I will be happy to provide any further information that is needed.
Looking forward to meeting in Cartagena.
Candidate: Kerrie Foxwell-Norton
Position: Vice-Chair
Thank you for the opportunity to nominate as Vice-Chair for the IAMCR Environment, Science and Risk Communication Working Group. I am currently the Chair of the IAMCR Environmental Impact Committee so my proposed role here supports my agenda to ensure environmental issues are at the fore of both IAMCR research and its practice as an international organisation.
I am a member of the Griffith Centre for Social and Cultural Research, Griffith University Australia. My media and communications research over the last 20 years has often involved community-based research centred on the vibrant and diverse Australian community media sector and Australian First Nation’s communities. The relationship of people to place has been an ongoing source of inspiration and discovery throughout my career and is the core theme of this work.
My passion for environmental issues and justice is explicit in my doctoral studies that focussed on community participation in coastal and marine management. My manuscript (Routledge, in press), Environmental Communication and Critical Coastal Policy: Communities, Culture and Nature is the culmination of my work in this area, drawing on a recent experience to assist my local coastal community in planning and managing coastal development.

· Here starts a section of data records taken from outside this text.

(* Let $c\ge 1$ and $g\ge 2$. The free-nilpotent complex Lie algebra $N(c,g)$ admits a periodic prederivation if and only if $c\le 2$, or $c=3$ and $g=2$.
   Context: $N(c,g)$ denotes the free-nilpotent complex Lie algebra of nilpotency class $c$ on $g$ generators. A linear map $P:\mathfrak{g}\to\mathfrak{g}$ is a prederivation if $P([x,[y,z]])=[P(x),[y,z]]+[x,[P(y),z]]+[x,[y,P(z)]]$ for all $x,y,z\in\mathfrak{g}$; it is periodic if $P^m=\mathrm{id}$ for some integer $m\ge 1$. *)

theory Defs
  imports Complex_Main
begin

text \<open>Elements of the truncated free associative algebra over the letters 0..g-1:
  functions from words (nat lists) to complex coefficients; all coefficients of
  words of length greater than c are killed by the truncated product.
  N(c,g) is the Lie subalgebra (under the commutator bracket) generated by the
  g letters. This is the free Lie algebra on g generators modulo its (c+1)-st
  lower central series term.\<close>

type_synonym tpoly = "nat list \<Rightarrow> complex"

definition tmult :: "nat \<Rightarrow> tpoly \<Rightarrow> tpoly \<Rightarrow> tpoly" where
  "tmult c a b = (\<lambda>w. if length w \<le> c
      then (\<Sum>k\<in>{0..length w}. a (take k w) * b (drop k w)) else 0)"

definition lbr :: "nat \<Rightarrow> tpoly \<Rightarrow> tpoly \<Rightarrow> tpoly" where
  "lbr c a b = (\<lambda>w. tmult c a b w - tmult c b a w)"

definition gen :: "nat \<Rightarrow> tpoly" where
  "gen i = (\<lambda>w. if w = [i] then 1 else 0)"

inductive_set freeNil :: "nat \<Rightarrow> nat \<Rightarrow> tpoly set" for c g where
  gen_in: "i < g \<Longrightarrow> gen i \<in> freeNil c g"
| zero_in: "(\<lambda>w. 0) \<in> freeNil c g"
| add_in: "x \<in> freeNil c g \<Longrightarrow> y \<in> freeNil c g \<Longrightarrow> (\<lambda>w. x w + y w) \<in> freeNil c g"
| smult_in: "x \<in> freeNil c g \<Longrightarrow> (\<lambda>w. a * x w) \<in> freeNil c g"
| br_in: "x \<in> freeNil c g \<Longrightarrow> y \<in> freeNil c g \<Longrightarrow> lbr c x y \<in> freeNil c g"

definition prederivation :: "nat \<Rightarrow> nat \<Rightarrow> (tpoly \<Rightarrow> tpoly) \<Rightarrow> bool" where
  "prederivation c g P \<longleftrightarrow>
     (\<forall>x\<in>freeNil c g. P x \<in> freeNil c g) \<and>
     (\<forall>x\<in>freeNil c g. \<forall>y\<in>freeNil c g. \<forall>a b::complex.
        P (\<lambda>w. a * x w + b * y w) = (\<lambda>w. a * P x w + b * P y w)) \<and>
     (\<forall>x\<in>freeNil c g. \<forall>y\<in>freeNil c g. \<forall>z\<in>freeNil c g.
        P (lbr c x (lbr c y z)) =
          (\<lambda>w. lbr c (P x) (lbr c y z) w + lbr c x (lbr c (P y) z) w
                  + lbr c x (lbr c y (P z)) w))"

definition periodic_prederivation :: "nat \<Rightarrow> nat \<Rightarrow> (tpoly \<Rightarrow> tpoly) \<Rightarrow> bool" where
  "periodic_prederivation c g P \<longleftrightarrow> prederivation c g P \<and>
     (\<exists>m::nat. m \<ge> 1 \<and> (\<forall>x\<in>freeNil c g. (P ^^ m) x = x))"

end

theory Submission
  imports Defs
begin

text \<open>Sufficiency: for \<open>c \<le> 2\<close> all double brackets vanish, so the identity is a periodic
  prederivation; for \<open>c = 3\<close>, \<open>g = 2\<close> the automorphism scaling a word by \<open>\<chi>\<close> of its letters, with
  \<open>\<chi> 0 = \<i>\<close> and \<open>\<chi> 1 = -\<i>\<close>, is one, because \<open>\<chi> a * \<chi> b * \<chi> d = \<chi> a + \<chi> b + \<chi> d\<close> whenever the
  letters \<open>a, b, d\<close> are not all equal.

  Necessity: a periodic linear map is diagonalisable with roots of unity as eigenvalues, and a
  prederivation maps a double bracket of eigenvectors with eigenvalues \<open>a, b, d\<close> to an eigenvector
  with eigenvalue \<open>a + b + d\<close>, so \<open>|a + b + d| = 1\<close> whenever that bracket is nonzero. For unit
  \<open>a, b\<close>, \<open>|2a + b| = 1\<close> forces \<open>b = -a\<close>. Hence eigenvectors with independent linear parts have
  opposite eigenvalues once \<open>c \<ge> 3\<close>, which is impossible for three of them (\<open>g \<ge> 3\<close>). For
  \<open>g = 2\<close>, \<open>c \<ge> 4\<close>, take such \<open>u, v\<close> with eigenvalues \<open>a, -a\<close>: the quadratic part of every
  eigencomponent of \<open>[u, v]\<close> must vanish, since otherwise \<open>[u, [u, p]]\<close> and \<open>[v, [v, p]]\<close> are
  nonzero in degree 4 and its eigenvalue would be both \<open>-a\<close> and \<open>a\<close>; yet these quadratic parts sum to
  that of \<open>[u, v]\<close>, which is nonzero.\<close>

fun conv :: "tpoly \<Rightarrow> tpoly \<Rightarrow> nat list \<Rightarrow> complex" where
  "conv a b [] = a [] * b []"
| "conv a b (l # w) = a [] * b (l # w) + conv (\<lambda>v. a (l # v)) b w"

lemma sum_take_drop_eq_conv:
  "(\<Sum>k\<in>{0..length w}. a (take k w) * b (drop k w)) = conv a b w"
proof (induction w arbitrary: a)
  case (Cons l w)
  have "(\<Sum>k\<in>{0..length (l # w)}. a (take k (l # w)) * b (drop k (l # w)))
      = a [] * b (l # w) + (\<Sum>k\<in>{0..length w}. a (l # take k w) * b (drop k w))"
    by (simp add: atLeast0AtMost sum.atMost_Suc_shift del: sum.atMost_Suc)
  then show ?case using Cons[of "\<lambda>v. a (l # v)"] by simp
qed simp

lemma tmult_conv: "tmult c a b w = (if length w \<le> c then conv a b w else 0)"
  by (simp add: tmult_def sum_take_drop_eq_conv)

lemma lbr_conv: "lbr c a b w = (if length w \<le> c then conv a b w - conv b a w else 0)"
  by (simp add: lbr_def tmult_conv)

lemma lbr_scale_left: "lbr c (\<lambda>w. s * x w) y = (\<lambda>w. s * lbr c x y w)"
  by (rule ext) (simp add: lbr_def tmult_def sum_distrib_left algebra_simps)

lemma lbr_scale_right: "lbr c x (\<lambda>w. s * y w) = (\<lambda>w. s * lbr c x y w)"
  by (rule ext) (simp add: lbr_def tmult_def sum_distrib_left algebra_simps)

lemma lbr_lbr_Cons3:
  assumes "3 \<le> c" "x [] = 0" "y [] = 0" "z [] = 0"
  shows "lbr c x (lbr c y z) [i, j, k]
    = x [i] * (y [j] * z [k] - z [j] * y [k]) - (y [i] * z [j] - z [i] * y [j]) * x [k]"
  using assms by (simp add: lbr_conv algebra_simps)

lemma lbr_lbr_vanish:
  assumes "x [] = 0" "y [] = 0" "z [] = 0" and "length w < 3 \<or> c < length w"
  shows "lbr c x (lbr c y z) w = 0"
proof (cases "c < length w")
  case False
  with assms(4) consider "w = []" | l where "w = [l]" | l l' where "w = [l, l']"
    by (cases w rule: remdups_adj.cases) auto
  then show ?thesis using assms(1-3) by cases (auto simp: lbr_conv)
qed (simp add: lbr_conv)

lemma freeNil_Nil: "x \<in> freeNil c g \<Longrightarrow> x [] = 0"
  by (induction rule: freeNil.induct) (auto simp: gen_def lbr_conv)

lemma freeNil_vanish_large_letter:
  assumes "x \<in> freeNil c g" "l \<in> set w" "g \<le> l"
  shows "x w = 0"
  using assms
proof (induction arbitrary: w rule: freeNil.induct)
  case (br_in x y)
  have "l \<in> set (take k w) \<or> l \<in> set (drop k w)" for k
    using br_in.prems(1) by (metis append_take_drop_id Un_iff set_append)
  then have "u (take k w) * v (drop k w) = 0" if "u \<in> {x, y}" "v \<in> {x, y}" for u v k
    using br_in.IH br_in.prems(2) that by auto
  then show ?case by (simp add: lbr_def tmult_def del: mult_eq_0_iff)
qed (auto simp: gen_def)

lemma freeNil_antisym:
  assumes "x \<in> freeNil c g" "2 \<le> c"
  shows "x [i, j] = - x [j, i]"
  using assms
proof (induction rule: freeNil.induct)
  case (br_in x y)
  then show ?case using freeNil_Nil[OF br_in.hyps(1)] freeNil_Nil[OF br_in.hyps(2)]
    by (simp add: lbr_conv algebra_simps)
qed (auto simp: gen_def)

lemma freeNil_lincomb:
  "finite I \<Longrightarrow> (\<And>i. i \<in> I \<Longrightarrow> f i \<in> freeNil c g) \<Longrightarrow> (\<lambda>w. \<Sum>i\<in>I. s i * f i w) \<in> freeNil c g"
proof (induction I rule: finite_induct)
  case (insert i I)
  then show ?case
    using freeNil.add_in[OF freeNil.smult_in[of "f i" c g "s i"], of "\<lambda>w. \<Sum>i\<in>I. s i * f i w"]
    by simp
qed (simp add: freeNil.zero_in)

An ongoing theme of my work, and now its focus is the communication of coastal and marine environments. Lately, my work has focussed on the Great Barrier Reef, Australia. I am also a co-author (with colleagues Robert A. Hackett, Susan Forde and Shane Gunster) on a recent release Journalism and Climate Crisis: Public Engagement, Media Alternatives (2017).

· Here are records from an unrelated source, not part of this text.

lemma sim_shear_comp_diag2:
  assumes u: "unitary_to (Hsum 2) u" and M: "blin HH HH M" and X: "X i \<in> Bop" and Y: "Y i \<in> Bop"
    and v: "v \<in> HH" "u v = pair2 a b" and a: "a \<in> HH" and b: "b \<in> HH"
  shows "sim (shear M \<circ> u) (diag2 X Y) i v
           = inv_into HH u (pair2 (X i a) (\<lambda>m. Y i b m + Y i (M a) m - M (X i a) m))"
proof -
  have bij_u: "bij_betw u HH (Hsum 2)" using u by (simp add: unitary_to_def)
  have Ma: "M a \<in> HH" using blinD(1)[OF M a] .
  have Xi: "blin HH HH (X i)" and Yi: "blin HH HH (Y i)" using X Y by (simp_all add: Bop_def)
  define z where "z = pair2 (X i a) (\<lambda>m. Y i b m + Y i (M a) m)"
  have dz: "diag2 X Y i ((shear M \<circ> u) v) = z"
    using diag2_pair2[OF a HH_add[OF b Ma]] blin_add[OF Yi b Ma] by (simp add: v z_def)
  have z: "z \<in> Hsum 2"
    unfolding z_def
    using pair2_in_Hsum2(1)[OF blinD(1)[OF Xi a] HH_add[OF blinD(1)[OF Yi b] blinD(1)[OF Yi Ma]]] .
  have "sim (shear M \<circ> u) (diag2 X Y) i v = inv_into HH (shear M \<circ> u) z"
    using dz by (simp add: sim_apply[OF v(1)])
  also have "\<dots> = inv_into HH u (inv_into (Hsum 2) (shear M) z)"
    by (rule inv_into_comp_bij[OF bij_u bij_betw_shear[OF M] z])
  also have "\<dots> = inv_into HH u (shear (- M) z)"
    by (simp add: inv_into_shear[OF M z])
  finally show ?thesis by (simp add: z_def)
qed

lemma sim_shear_comp_diag2_eq_iff:
  assumes u: "unitary_to (Hsum 2) u" and M: "blin HH HH M"
    and X: "\<And>i. X i \<in> Bop" and Y: "\<And>i. Y i \<in> Bop"
  shows "sim (shear M \<circ> u) (diag2 X Y) = sim u (diag2 X Y) \<longleftrightarrow> (\<forall>i. \<forall>a\<in>HH. Y i (M a) = M (X i a))"
proof -
  have bij_u: "bij_betw u HH (Hsum 2)" using u by (simp add: unitary_to_def)
  have img: "u ` HH = Hsum 2" using bij_u by (rule bij_betw_imp_surj_on)
  have Xi: "blin HH HH (X i)" and Yi: "blin HH HH (Y i)" for i using X Y by (simp_all add: Bop_def)
  have sim_u: "sim u (diag2 X Y) i v = inv_into HH u (pair2 (X i a) (Y i b))"
    if "v \<in> HH" "u v = pair2 a b" "a \<in> HH" "b \<in> HH" for i v a b
    using that by (simp add: sim_apply diag2_pair2)
  show ?thesis
  proof
    assume eq: "sim (shear M \<circ> u) (diag2 X Y) = sim u (diag2 X Y)"
    show "\<forall>i. \<forall>a\<in>HH. Y i (M a) = M (X i a)"
    proof (intro allI ballI)
      fix i a assume a: "a \<in> HH"
      have "pair2 a (\<lambda>_. 0) \<in> u ` HH" using pair2_in_Hsum2(1)[OF a HH_zero] img by simp
      then obtain v where v: "v \<in> HH" "u v = pair2 a (\<lambda>_. 0)" by (metis imageE)
      have Y0: "Y i (\<lambda>_. 0) = (\<lambda>_. 0)" using Yi by (rule blin_HH_zero)
      have Ma: "M a \<in> HH" using blinD(1)[OF M a] .
      have Xa: "X i a \<in> HH" using blinD(1)[OF Xi a] .
      have XMa: "M (X i a) \<in> HH" using blinD(1)[OF M Xa] .
      have "sim (shear M \<circ> u) (diag2 X Y) i v = sim u (diag2 X Y) i v" using eq by simp
      hence inv_eq: "inv_into HH u (pair2 (X i a) (\<lambda>m. Y i (M a) m - M (X i a) m))
               = inv_into HH u (pair2 (X i a) (\<lambda>_. 0))"
        unfolding sim_shear_comp_diag2[OF u M X Y v a HH_zero] sim_u[OF v a HH_zero] Y0 by simp
      have "inj_on (inv_into HH u) (Hsum 2)" by (rule inj_on_inv_into) (simp add: img)
      moreover note inv_eq
      moreover have "pair2 (X i a) (\<lambda>m. Y i (M a) m - M (X i a) m) \<in> Hsum 2"
        using Xa HH_diff[OF blinD(1)[OF Yi Ma] XMa] by (rule pair2_in_Hsum2(1))
      moreover have "pair2 (X i a) (\<lambda>_. 0) \<in> Hsum 2" using Xa HH_zero by (rule pair2_in_Hsum2(1))
      ultimately have "pair2 (X i a) (\<lambda>m. Y i (M a) m - M (X i a) m) = pair2 (X i a) (\<lambda>_. 0)"
        by (rule inj_onD)
      hence "(\<lambda>m. Y i (M a) m - M (X i a) m) = (\<lambda>_. 0)" by (simp add: pair2_eq_iff)
      thus "Y i (M a) = M (X i a)" by (simp add: fun_eq_iff)
    qed
  next
    assume intertwine: "\<forall>i. \<forall>a\<in>HH. Y i (M a) = M (X i a)"
    show "sim (shear M \<circ> u) (diag2 X Y) = sim u (diag2 X Y)"
    proof (rule ext, rule ext)
      fix i v
      show "sim (shear M \<circ> u) (diag2 X Y) i v = sim u (diag2 X Y) i v"
      proof (cases "v \<in> HH")
        case True
        have "u v \<in> Hsum 2" using bij_betwE[OF bij_u] True by blast
        then obtain a b where "a \<in> HH" "b \<in> HH" "u v = pair2 a b" by (rule Hsum2_cases)
        thus ?thesis
          using sim_shear_comp_diag2[OF u M X Y True] sim_u[OF True] intertwine by simp
      next
        case False
        thus ?thesis by (simp add: sim_def)
      qed
    qed
  qed
qed

lemma opnorm_zero: "opnorm (\<lambda>v n. 0) = 0"
proof -
  have "{vnorm ((\<lambda>n::nat. 0::complex)) | v::nat \<Rightarrow> complex. v \<in> HH \<and> vnorm v \<le> 1} = {0}"
    by (auto simp: vnorm_def intro: exI[of _ "\<lambda>_. 0"])
  thus ?thesis by (simp add: opnorm_def)
qed

lemma tint_subset:
  assumes "1 \<le> d"
  shows "tint d S \<subseteq> S"
proof
  fix x assume "x \<in> tint d S"
  then obtain e where "x \<in> tup d" "e > 0" "\<forall>y\<in>tup d. tnorm d (tdiff y x) < e \<longrightarrow> y \<in> S"
    by (auto simp: tint_def)
  moreover have "tnorm d (tdiff x x) = 0"
    using assms
    by (simp add: tnorm_def tdiff_def opnorm_zero image_constant_conv lessThan_empty_iff)
  ultimately show "x \<in> S" by auto
qed

lemma nc_domain_diag2_unitary:
  assumes "1 \<le> d" "nc_domain d \<Omega>" "x \<in> \<Omega>" "y \<in> \<Omega>"
  obtains u where "unitary_to (Hsum 2) u" "sim u (diag2 x y) \<in> \<Omega>"
proof -
  obtain \<Omega>k :: "nat \<Rightarrow> (nat \<Rightarrow> op) set" where
    sub: "\<forall>k. \<Omega>k k \<subseteq> \<Omega>" and int: "\<forall>k. \<Omega>k k \<subseteq> tint d (\<Omega>k (Suc k))" and union: "\<Omega> = (\<Union>k. \<Omega>k k)"
    and dsums: "\<forall>k. \<forall>l::enat. \<forall>xs. 1 \<le> l \<longrightarrow> (\<forall>n. enat n < l \<longrightarrow> xs n \<in> \<Omega>k k) \<longrightarrow>
            (\<exists>u. unitary_to (Hsum l) u \<and> sim u (dsum l xs) \<in> \<Omega>k k)"
    using assms(2) unfolding nc_domain_def by blast
  have "mono \<Omega>k"
    using int tint_subset[OF assms(1)] by (intro incseq_SucI) blast
  moreover obtain k1 k2 where "x \<in> \<Omega>k k1" "y \<in> \<Omega>k k2" using assms(3,4) union by blast
  ultimately have xk2: "x \<in> \<Omega>k (max k1 k2)" "y \<in> \<Omega>k (max k1 k2)"
    by (meson max.cobounded1 max.cobounded2 monoD subsetD)+
  define xs :: "nat \<Rightarrow> nat \<Rightarrow> op" where "xs = (\<lambda>n. if n = 0 then x else y)"
  have "\<forall>n. enat n < 2 \<longrightarrow> xs n \<in> \<Omega>k (max k1 k2)" using xk2 by (simp add: xs_def)
  then obtain u where "unitary_to (Hsum 2) u" "sim u (dsum 2 xs) \<in> \<Omega>k (max k1 k2)"
    using dsums[THEN spec, of "max k1 k2", THEN spec, of 2, THEN spec, of xs] by auto
  moreover have "dsum 2 xs = diag2 x y" by (simp add: diag2_def xs_def)
  ultimately show ?thesis using that sub by auto
qed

To the Environment, Science and Risk Communication Working Group, I bring my overarching commitment and passion for my work, alongside the same for my colleagues working in the broad field. As a Vice-Chair, I will support the Chair and the work of the existing ESRC community. Working with the committee, I will endeavour to raise the profile of ESRC within IAMCR and internationally to encourage participation. Importantly, I will also complete required administrative duties as required.
I would enjoy the opportunity to serve as vice-chair for the ESRC Working Group.
Candidate: Maitreyee Mishra
Position: Vice-Chair
I gladly confirm my candidacy for vice-chair of the Environment, Science and Risk (ESR) Communication working group, which for me has been an intellectual home since I joined the IAMCR in 2014. It would be an honour to contribute to IAMCR and to the ESR working group through my experiences and study of environmental change in the developing world, particularly India, changes that are rapid and need sustained and critical engagement.
Having lived in seven countries, my observations of environmental challenges and conflict in developing countries have informed my research, which is strongly interdisciplinary. Currently based at Heidelberg University, Germany, I have been an Assistant Professor of environment communication and film studies at the School of Communication, Manipal University, India, since 2010. I have published on indigenous peoples’ movements, environmental communication, film and gender studies. My most recent (forthcoming) publication is a chapter on traditional environmental knowledge and sustainable development in the book Communication, Culture and Ecology -Rethinking Sustainable Development in Asia (edited by Kiran Prasad, Springer, 2017). Outside of academia I have served as a consultant to WaterAid, Regional Centre for Development Cooperation and the environmental NGO Vasundhara based in Odisha, India. My current research examines the impacts of climate change on indigenous peoples- some of the world’s most vulnerable groups whose articulation of climatic and environmental change challenges the current world order, and needs to be heard. I hope to contribute to the working group by bringing more diverse voices from the global South.